*TASK TO COMPLETE:*
After finding the line containing "lt M (zero M) z" below, please output that line and each following one through the line containing "(All x p) = fvars", exactly as written.

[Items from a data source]
-------
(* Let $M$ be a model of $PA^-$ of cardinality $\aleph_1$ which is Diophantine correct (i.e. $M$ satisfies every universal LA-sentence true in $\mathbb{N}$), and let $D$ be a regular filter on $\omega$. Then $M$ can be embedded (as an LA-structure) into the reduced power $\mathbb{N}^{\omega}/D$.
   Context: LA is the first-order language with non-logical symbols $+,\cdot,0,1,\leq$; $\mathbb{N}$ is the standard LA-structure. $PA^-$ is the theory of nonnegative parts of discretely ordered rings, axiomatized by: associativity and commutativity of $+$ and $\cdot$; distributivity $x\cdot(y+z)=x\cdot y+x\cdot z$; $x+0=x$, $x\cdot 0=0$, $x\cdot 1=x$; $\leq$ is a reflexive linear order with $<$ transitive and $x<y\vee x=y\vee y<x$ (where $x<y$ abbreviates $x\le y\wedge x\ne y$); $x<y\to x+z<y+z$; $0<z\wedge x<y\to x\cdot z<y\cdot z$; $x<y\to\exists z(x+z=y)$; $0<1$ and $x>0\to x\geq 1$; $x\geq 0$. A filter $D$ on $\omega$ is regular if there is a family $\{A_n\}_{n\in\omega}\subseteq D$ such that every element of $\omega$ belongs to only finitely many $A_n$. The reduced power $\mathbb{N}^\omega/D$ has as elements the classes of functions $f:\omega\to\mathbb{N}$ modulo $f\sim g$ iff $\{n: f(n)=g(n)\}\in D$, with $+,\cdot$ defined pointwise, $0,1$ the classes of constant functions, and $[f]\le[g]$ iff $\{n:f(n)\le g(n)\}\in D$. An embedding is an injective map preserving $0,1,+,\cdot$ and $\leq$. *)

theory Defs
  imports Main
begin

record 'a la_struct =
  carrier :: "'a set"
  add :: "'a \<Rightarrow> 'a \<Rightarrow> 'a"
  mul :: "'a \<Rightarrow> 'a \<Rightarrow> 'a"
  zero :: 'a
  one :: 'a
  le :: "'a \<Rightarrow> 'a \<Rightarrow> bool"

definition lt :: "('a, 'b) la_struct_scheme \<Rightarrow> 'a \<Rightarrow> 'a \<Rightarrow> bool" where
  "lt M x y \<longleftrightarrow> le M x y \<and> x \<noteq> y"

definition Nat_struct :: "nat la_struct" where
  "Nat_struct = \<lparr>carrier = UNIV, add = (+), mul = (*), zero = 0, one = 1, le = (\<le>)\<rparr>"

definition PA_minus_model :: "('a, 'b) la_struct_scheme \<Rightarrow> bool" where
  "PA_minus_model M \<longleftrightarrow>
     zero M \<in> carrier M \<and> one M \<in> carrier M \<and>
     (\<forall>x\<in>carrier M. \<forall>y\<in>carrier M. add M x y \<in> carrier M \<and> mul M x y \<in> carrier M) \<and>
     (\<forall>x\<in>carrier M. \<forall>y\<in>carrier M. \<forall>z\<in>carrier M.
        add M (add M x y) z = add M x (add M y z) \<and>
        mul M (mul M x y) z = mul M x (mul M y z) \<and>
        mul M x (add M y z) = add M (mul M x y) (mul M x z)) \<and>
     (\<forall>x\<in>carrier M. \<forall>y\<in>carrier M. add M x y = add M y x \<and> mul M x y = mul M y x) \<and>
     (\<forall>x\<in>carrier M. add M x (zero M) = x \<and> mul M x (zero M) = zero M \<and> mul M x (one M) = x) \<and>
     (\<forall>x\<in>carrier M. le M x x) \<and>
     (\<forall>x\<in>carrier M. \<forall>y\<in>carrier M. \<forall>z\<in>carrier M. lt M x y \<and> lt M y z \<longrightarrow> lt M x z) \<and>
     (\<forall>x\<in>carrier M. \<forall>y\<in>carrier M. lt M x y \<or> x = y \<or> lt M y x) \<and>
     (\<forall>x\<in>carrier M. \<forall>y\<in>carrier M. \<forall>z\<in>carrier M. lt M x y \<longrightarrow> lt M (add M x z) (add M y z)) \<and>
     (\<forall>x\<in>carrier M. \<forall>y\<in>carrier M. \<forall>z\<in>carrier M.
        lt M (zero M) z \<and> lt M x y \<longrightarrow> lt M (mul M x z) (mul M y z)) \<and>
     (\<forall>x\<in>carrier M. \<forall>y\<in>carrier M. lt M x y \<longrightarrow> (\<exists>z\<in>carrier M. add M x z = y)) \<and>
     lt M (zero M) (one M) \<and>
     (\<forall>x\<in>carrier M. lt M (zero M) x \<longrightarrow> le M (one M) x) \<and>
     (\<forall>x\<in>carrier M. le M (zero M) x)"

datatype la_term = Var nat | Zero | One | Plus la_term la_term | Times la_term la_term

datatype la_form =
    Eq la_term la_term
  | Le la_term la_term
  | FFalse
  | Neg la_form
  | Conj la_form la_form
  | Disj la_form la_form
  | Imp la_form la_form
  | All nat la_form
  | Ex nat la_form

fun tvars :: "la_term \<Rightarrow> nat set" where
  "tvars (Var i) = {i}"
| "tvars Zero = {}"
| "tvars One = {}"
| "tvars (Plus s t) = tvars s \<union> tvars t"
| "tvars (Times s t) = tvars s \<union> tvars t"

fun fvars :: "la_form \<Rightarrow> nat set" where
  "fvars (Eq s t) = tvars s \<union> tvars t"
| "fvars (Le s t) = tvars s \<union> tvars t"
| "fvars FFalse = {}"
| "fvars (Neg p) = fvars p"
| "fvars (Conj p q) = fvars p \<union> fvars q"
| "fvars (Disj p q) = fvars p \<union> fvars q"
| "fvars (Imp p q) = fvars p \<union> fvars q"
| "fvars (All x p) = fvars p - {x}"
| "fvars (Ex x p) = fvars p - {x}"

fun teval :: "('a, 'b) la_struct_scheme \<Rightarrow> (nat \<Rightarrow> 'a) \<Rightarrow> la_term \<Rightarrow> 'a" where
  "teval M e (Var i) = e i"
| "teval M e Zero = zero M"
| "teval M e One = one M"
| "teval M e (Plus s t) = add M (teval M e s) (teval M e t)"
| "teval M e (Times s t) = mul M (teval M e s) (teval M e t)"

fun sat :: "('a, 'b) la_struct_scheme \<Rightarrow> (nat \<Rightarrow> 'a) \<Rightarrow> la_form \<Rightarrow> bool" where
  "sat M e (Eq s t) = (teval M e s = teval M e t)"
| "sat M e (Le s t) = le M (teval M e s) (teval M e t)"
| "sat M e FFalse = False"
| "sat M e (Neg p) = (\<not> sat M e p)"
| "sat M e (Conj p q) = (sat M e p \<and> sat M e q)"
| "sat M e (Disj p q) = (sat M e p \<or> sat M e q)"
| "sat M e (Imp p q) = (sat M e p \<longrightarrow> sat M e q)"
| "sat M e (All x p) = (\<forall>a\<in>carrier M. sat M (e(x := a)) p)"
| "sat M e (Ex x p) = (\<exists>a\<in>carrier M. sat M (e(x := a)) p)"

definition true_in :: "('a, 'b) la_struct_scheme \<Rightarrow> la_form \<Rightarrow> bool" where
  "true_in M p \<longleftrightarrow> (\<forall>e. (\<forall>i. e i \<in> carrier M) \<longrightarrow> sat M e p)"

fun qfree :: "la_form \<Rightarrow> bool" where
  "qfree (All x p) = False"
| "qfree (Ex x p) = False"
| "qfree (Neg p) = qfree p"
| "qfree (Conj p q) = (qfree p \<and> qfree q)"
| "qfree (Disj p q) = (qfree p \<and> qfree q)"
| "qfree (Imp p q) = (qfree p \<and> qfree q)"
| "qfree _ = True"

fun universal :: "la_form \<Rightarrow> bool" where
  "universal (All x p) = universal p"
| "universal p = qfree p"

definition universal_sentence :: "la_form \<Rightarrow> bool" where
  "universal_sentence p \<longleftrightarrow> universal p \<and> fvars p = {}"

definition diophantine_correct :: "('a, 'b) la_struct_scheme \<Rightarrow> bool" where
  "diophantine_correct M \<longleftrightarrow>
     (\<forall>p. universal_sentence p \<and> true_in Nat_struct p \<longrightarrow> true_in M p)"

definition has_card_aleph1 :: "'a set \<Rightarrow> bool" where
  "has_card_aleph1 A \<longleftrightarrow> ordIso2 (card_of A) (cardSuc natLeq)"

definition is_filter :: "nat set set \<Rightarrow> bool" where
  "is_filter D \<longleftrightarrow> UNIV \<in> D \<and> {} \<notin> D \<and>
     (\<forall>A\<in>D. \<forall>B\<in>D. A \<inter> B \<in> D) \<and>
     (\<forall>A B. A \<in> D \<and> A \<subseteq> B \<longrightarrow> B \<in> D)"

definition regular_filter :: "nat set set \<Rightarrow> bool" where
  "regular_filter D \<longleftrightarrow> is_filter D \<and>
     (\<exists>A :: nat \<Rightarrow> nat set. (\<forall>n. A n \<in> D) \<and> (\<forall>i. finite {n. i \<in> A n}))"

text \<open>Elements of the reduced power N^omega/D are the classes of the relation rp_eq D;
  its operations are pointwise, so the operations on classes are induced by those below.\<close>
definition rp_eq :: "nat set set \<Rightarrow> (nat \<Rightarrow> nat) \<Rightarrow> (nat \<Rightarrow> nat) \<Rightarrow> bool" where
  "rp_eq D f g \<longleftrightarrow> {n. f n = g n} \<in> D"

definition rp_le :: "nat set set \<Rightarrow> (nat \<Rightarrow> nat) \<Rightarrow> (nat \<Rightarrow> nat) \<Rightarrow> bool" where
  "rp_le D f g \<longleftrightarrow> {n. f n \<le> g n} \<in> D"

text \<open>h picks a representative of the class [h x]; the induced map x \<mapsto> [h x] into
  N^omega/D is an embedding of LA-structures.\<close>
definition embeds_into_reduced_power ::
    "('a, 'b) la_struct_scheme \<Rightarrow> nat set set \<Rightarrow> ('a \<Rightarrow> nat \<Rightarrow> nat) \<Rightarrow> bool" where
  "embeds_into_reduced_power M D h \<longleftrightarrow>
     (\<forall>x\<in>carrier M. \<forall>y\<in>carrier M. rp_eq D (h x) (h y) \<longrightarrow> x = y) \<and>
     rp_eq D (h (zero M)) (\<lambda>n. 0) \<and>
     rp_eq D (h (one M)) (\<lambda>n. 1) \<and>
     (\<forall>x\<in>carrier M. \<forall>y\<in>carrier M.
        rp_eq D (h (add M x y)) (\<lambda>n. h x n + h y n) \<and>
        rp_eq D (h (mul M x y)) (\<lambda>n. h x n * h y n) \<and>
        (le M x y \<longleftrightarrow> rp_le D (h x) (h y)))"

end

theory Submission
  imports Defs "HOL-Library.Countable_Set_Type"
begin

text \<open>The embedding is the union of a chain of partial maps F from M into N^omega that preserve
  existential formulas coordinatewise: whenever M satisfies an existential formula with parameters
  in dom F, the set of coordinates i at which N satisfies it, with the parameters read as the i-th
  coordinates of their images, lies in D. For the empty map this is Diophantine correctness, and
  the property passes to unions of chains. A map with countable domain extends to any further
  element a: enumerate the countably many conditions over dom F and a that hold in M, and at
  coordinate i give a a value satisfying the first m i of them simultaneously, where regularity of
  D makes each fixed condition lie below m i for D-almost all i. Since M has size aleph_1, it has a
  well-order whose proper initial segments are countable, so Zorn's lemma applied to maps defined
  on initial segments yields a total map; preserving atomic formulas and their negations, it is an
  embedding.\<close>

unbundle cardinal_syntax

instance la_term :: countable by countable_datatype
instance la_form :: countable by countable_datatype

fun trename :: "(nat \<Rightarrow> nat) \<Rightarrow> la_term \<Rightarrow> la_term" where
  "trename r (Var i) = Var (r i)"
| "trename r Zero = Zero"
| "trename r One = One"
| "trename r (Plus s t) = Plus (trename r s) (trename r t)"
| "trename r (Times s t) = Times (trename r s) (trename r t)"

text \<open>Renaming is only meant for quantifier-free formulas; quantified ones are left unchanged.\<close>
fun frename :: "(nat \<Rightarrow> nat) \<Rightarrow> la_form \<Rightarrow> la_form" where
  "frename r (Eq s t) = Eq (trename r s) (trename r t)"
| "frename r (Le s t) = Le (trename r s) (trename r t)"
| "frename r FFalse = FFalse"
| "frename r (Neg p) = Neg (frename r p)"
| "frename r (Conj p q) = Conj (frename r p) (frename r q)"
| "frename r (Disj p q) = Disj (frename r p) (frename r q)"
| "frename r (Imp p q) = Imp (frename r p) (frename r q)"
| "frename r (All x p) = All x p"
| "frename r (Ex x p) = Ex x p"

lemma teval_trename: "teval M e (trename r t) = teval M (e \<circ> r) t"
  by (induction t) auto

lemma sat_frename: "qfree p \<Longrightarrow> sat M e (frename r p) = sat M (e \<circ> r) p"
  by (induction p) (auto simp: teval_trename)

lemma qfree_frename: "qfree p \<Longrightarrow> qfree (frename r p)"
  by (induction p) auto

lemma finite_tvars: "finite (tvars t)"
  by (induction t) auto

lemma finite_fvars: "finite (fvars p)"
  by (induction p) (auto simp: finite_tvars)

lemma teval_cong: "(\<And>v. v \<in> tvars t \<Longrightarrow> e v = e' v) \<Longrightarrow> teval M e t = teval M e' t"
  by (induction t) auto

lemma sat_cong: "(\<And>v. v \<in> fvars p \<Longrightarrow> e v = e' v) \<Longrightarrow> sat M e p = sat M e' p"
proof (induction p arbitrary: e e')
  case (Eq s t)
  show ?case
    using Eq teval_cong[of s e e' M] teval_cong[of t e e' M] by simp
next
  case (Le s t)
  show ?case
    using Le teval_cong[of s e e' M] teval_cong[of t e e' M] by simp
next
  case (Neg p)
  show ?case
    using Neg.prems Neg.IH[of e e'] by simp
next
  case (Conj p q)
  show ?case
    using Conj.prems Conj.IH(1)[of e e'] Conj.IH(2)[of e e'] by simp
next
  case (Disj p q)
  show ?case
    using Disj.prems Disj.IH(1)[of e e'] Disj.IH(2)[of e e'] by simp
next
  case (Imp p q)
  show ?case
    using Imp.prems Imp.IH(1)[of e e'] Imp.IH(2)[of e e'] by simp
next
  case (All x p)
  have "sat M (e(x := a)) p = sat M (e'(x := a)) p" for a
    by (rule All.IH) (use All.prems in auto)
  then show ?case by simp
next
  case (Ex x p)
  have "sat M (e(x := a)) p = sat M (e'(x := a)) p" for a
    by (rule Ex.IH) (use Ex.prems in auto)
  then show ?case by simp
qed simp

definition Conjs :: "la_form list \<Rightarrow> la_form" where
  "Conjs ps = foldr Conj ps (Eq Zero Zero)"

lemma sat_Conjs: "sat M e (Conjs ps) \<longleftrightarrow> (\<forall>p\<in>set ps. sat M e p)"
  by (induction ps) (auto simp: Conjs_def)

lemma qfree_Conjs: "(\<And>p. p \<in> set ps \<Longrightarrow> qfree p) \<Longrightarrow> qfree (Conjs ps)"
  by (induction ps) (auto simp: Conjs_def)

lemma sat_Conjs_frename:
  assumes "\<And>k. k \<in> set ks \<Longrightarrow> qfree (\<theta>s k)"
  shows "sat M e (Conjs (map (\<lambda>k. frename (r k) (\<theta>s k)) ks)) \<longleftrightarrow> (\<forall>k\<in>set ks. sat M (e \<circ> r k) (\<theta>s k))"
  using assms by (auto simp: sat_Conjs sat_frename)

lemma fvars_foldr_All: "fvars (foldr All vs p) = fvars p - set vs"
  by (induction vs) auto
-------
*OUTPUT OF THE TASK:*
        lt M (zero M) z \<and> lt M x y \<longrightarrow> lt M (mul M x z) (mul M y z)) \<and>
     (\<forall>x\<in>carrier M. \<forall>y\<in>carrier M. lt M x y \<longrightarrow> (\<exists>z\<in>carrier M. add M x z = y)) \<and>
     lt M (zero M) (one M) \<and>
     (\<forall>x\<in>carrier M. lt M (zero M) x \<longrightarrow> le M (one M) x) \<and>
     (\<forall>x\<in>carrier M. le M (zero M) x)"

datatype la_term = Var nat | Zero | One | Plus la_term la_term | Times la_term la_term

datatype la_form =
    Eq la_term la_term
  | Le la_term la_term
  | FFalse
  | Neg la_form
  | Conj la_form la_form
  | Disj la_form la_form
  | Imp la_form la_form
  | All nat la_form
  | Ex nat la_form

fun tvars :: "la_term \<Rightarrow> nat set" where
  "tvars (Var i) = {i}"
| "tvars Zero = {}"
| "tvars One = {}"
| "tvars (Plus s t) = tvars s \<union> tvars t"
| "tvars (Times s t) = tvars s \<union> tvars t"

fun fvars :: "la_form \<Rightarrow> nat set" where
  "fvars (Eq s t) = tvars s \<union> tvars t"
| "fvars (Le s t) = tvars s \<union> tvars t"
| "fvars FFalse = {}"
| "fvars (Neg p) = fvars p"
| "fvars (Conj p q) = fvars p \<union> fvars q"
| "fvars (Disj p q) = fvars p \<union> fvars q"
| "fvars (Imp p q) = fvars p \<union> fvars q"
| "fvars (All x p) = fvars p - {x}"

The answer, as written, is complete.